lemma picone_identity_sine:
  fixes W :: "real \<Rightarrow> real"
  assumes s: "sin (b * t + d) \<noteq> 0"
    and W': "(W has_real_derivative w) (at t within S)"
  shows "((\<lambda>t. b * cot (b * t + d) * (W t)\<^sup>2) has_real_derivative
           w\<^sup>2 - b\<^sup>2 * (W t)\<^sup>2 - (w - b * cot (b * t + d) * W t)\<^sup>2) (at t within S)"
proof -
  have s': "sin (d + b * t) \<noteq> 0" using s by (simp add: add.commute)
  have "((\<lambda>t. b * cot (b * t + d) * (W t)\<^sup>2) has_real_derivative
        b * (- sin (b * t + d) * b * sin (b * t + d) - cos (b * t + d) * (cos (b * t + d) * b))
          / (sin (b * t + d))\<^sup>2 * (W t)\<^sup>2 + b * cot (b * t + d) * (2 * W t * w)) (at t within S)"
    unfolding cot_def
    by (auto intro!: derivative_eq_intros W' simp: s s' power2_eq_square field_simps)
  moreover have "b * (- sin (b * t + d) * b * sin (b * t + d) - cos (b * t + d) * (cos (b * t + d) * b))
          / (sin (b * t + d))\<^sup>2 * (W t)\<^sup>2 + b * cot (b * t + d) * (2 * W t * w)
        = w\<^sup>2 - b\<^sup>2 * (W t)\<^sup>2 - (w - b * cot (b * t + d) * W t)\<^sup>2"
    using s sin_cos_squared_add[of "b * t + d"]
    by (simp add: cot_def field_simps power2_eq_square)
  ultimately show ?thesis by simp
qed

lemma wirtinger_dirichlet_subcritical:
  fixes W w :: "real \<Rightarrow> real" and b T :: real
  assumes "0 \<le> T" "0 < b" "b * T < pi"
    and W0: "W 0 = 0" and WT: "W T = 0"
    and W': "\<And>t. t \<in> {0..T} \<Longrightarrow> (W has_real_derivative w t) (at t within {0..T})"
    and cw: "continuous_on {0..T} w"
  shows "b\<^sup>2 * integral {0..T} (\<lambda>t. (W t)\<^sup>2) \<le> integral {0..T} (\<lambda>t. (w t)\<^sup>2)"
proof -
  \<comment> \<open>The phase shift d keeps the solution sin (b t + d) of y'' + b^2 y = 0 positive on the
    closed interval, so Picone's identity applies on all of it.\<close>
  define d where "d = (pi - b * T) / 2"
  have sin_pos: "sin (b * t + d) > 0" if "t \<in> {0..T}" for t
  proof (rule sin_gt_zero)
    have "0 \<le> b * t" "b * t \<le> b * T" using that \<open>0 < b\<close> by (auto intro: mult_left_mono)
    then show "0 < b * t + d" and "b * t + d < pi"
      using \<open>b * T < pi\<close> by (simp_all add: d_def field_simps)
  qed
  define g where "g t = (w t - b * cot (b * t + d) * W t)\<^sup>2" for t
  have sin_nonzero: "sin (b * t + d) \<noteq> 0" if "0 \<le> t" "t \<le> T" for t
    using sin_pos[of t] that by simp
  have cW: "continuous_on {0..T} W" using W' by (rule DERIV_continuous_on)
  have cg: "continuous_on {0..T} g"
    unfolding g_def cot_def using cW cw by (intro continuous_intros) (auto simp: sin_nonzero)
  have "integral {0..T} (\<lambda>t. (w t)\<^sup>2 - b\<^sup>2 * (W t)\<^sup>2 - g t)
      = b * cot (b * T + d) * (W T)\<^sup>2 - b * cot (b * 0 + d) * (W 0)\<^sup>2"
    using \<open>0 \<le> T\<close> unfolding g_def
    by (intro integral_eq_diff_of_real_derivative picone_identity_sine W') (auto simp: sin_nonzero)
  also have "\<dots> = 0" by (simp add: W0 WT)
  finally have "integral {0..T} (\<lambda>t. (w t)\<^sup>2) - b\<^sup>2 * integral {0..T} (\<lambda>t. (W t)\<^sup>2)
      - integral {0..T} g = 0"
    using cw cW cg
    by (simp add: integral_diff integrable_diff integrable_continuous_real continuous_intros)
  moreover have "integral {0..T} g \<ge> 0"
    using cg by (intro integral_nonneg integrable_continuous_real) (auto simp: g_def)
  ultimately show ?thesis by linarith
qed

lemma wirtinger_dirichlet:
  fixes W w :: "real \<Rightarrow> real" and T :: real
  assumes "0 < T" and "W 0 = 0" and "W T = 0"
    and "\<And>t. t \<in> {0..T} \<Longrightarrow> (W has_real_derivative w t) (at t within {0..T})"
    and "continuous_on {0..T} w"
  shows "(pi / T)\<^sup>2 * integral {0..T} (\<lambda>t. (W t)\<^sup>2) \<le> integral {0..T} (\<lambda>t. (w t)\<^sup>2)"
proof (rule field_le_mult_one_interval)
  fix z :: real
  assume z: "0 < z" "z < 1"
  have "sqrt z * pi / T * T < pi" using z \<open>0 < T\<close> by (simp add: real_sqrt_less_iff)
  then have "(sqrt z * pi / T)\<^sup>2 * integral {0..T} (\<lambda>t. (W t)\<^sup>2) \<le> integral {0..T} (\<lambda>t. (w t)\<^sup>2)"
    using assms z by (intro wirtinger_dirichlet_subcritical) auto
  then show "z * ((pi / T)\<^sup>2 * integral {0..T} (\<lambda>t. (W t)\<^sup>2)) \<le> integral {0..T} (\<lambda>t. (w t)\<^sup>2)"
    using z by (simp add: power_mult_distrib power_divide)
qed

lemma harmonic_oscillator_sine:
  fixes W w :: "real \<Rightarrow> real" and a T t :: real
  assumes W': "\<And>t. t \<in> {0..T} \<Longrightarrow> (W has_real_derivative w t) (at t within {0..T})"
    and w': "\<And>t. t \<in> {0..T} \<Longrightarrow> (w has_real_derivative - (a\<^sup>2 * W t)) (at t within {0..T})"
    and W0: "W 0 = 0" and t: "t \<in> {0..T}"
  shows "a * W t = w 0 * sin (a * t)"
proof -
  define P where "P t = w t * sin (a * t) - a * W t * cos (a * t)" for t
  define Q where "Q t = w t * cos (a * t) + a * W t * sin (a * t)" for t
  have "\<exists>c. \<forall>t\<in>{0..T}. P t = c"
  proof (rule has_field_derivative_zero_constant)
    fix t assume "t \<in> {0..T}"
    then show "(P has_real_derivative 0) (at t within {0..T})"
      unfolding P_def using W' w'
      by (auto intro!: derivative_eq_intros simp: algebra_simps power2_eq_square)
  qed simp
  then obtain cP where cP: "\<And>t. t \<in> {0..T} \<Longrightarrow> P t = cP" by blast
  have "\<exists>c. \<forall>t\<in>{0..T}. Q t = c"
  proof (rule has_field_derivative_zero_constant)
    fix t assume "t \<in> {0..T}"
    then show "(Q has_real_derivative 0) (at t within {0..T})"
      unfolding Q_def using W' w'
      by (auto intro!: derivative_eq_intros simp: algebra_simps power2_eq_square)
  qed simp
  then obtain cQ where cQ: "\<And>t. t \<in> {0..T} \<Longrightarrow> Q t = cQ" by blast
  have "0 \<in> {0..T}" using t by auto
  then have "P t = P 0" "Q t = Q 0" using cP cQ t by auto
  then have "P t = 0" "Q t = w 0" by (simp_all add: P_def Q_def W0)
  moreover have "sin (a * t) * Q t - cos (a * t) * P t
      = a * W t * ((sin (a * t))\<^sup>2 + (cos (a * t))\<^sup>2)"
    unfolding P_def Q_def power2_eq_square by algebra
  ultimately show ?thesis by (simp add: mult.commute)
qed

GOAL OF THE EXERCISE -> With the line containing "proof (rule sin_gt_zero)" as the last one, please set down exactly the lines of the records above from their very first line, and nothing more.

YOUR SOLUTION ->
lemma picone_identity_sine:
  fixes W :: "real \<Rightarrow> real"
  assumes s: "sin (b * t + d) \<noteq> 0"
    and W': "(W has_real_derivative w) (at t within S)"
  shows "((\<lambda>t. b * cot (b * t + d) * (W t)\<^sup>2) has_real_derivative
           w\<^sup>2 - b\<^sup>2 * (W t)\<^sup>2 - (w - b * cot (b * t + d) * W t)\<^sup>2) (at t within S)"
proof -
  have s': "sin (d + b * t) \<noteq> 0" using s by (simp add: add.commute)
  have "((\<lambda>t. b * cot (b * t + d) * (W t)\<^sup>2) has_real_derivative
        b * (- sin (b * t + d) * b * sin (b * t + d) - cos (b * t + d) * (cos (b * t + d) * b))
          / (sin (b * t + d))\<^sup>2 * (W t)\<^sup>2 + b * cot (b * t + d) * (2 * W t * w)) (at t within S)"
    unfolding cot_def
    by (auto intro!: derivative_eq_intros W' simp: s s' power2_eq_square field_simps)
  moreover have "b * (- sin (b * t + d) * b * sin (b * t + d) - cos (b * t + d) * (cos (b * t + d) * b))
          / (sin (b * t + d))\<^sup>2 * (W t)\<^sup>2 + b * cot (b * t + d) * (2 * W t * w)
        = w\<^sup>2 - b\<^sup>2 * (W t)\<^sup>2 - (w - b * cot (b * t + d) * W t)\<^sup>2"
    using s sin_cos_squared_add[of "b * t + d"]
    by (simp add: cot_def field_simps power2_eq_square)
  ultimately show ?thesis by simp
qed

lemma wirtinger_dirichlet_subcritical:
  fixes W w :: "real \<Rightarrow> real" and b T :: real
  assumes "0 \<le> T" "0 < b" "b * T < pi"
    and W0: "W 0 = 0" and WT: "W T = 0"
    and W': "\<And>t. t \<in> {0..T} \<Longrightarrow> (W has_real_derivative w t) (at t within {0..T})"
    and cw: "continuous_on {0..T} w"
  shows "b\<^sup>2 * integral {0..T} (\<lambda>t. (W t)\<^sup>2) \<le> integral {0..T} (\<lambda>t. (w t)\<^sup>2)"
proof -
  \<comment> \<open>The phase shift d keeps the solution sin (b t + d) of y'' + b^2 y = 0 positive on the
    closed interval, so Picone's identity applies on all of it.\<close>
  define d where "d = (pi - b * T) / 2"
  have sin_pos: "sin (b * t + d) > 0" if "t \<in> {0..T}" for t
  proof (rule sin_gt_zero)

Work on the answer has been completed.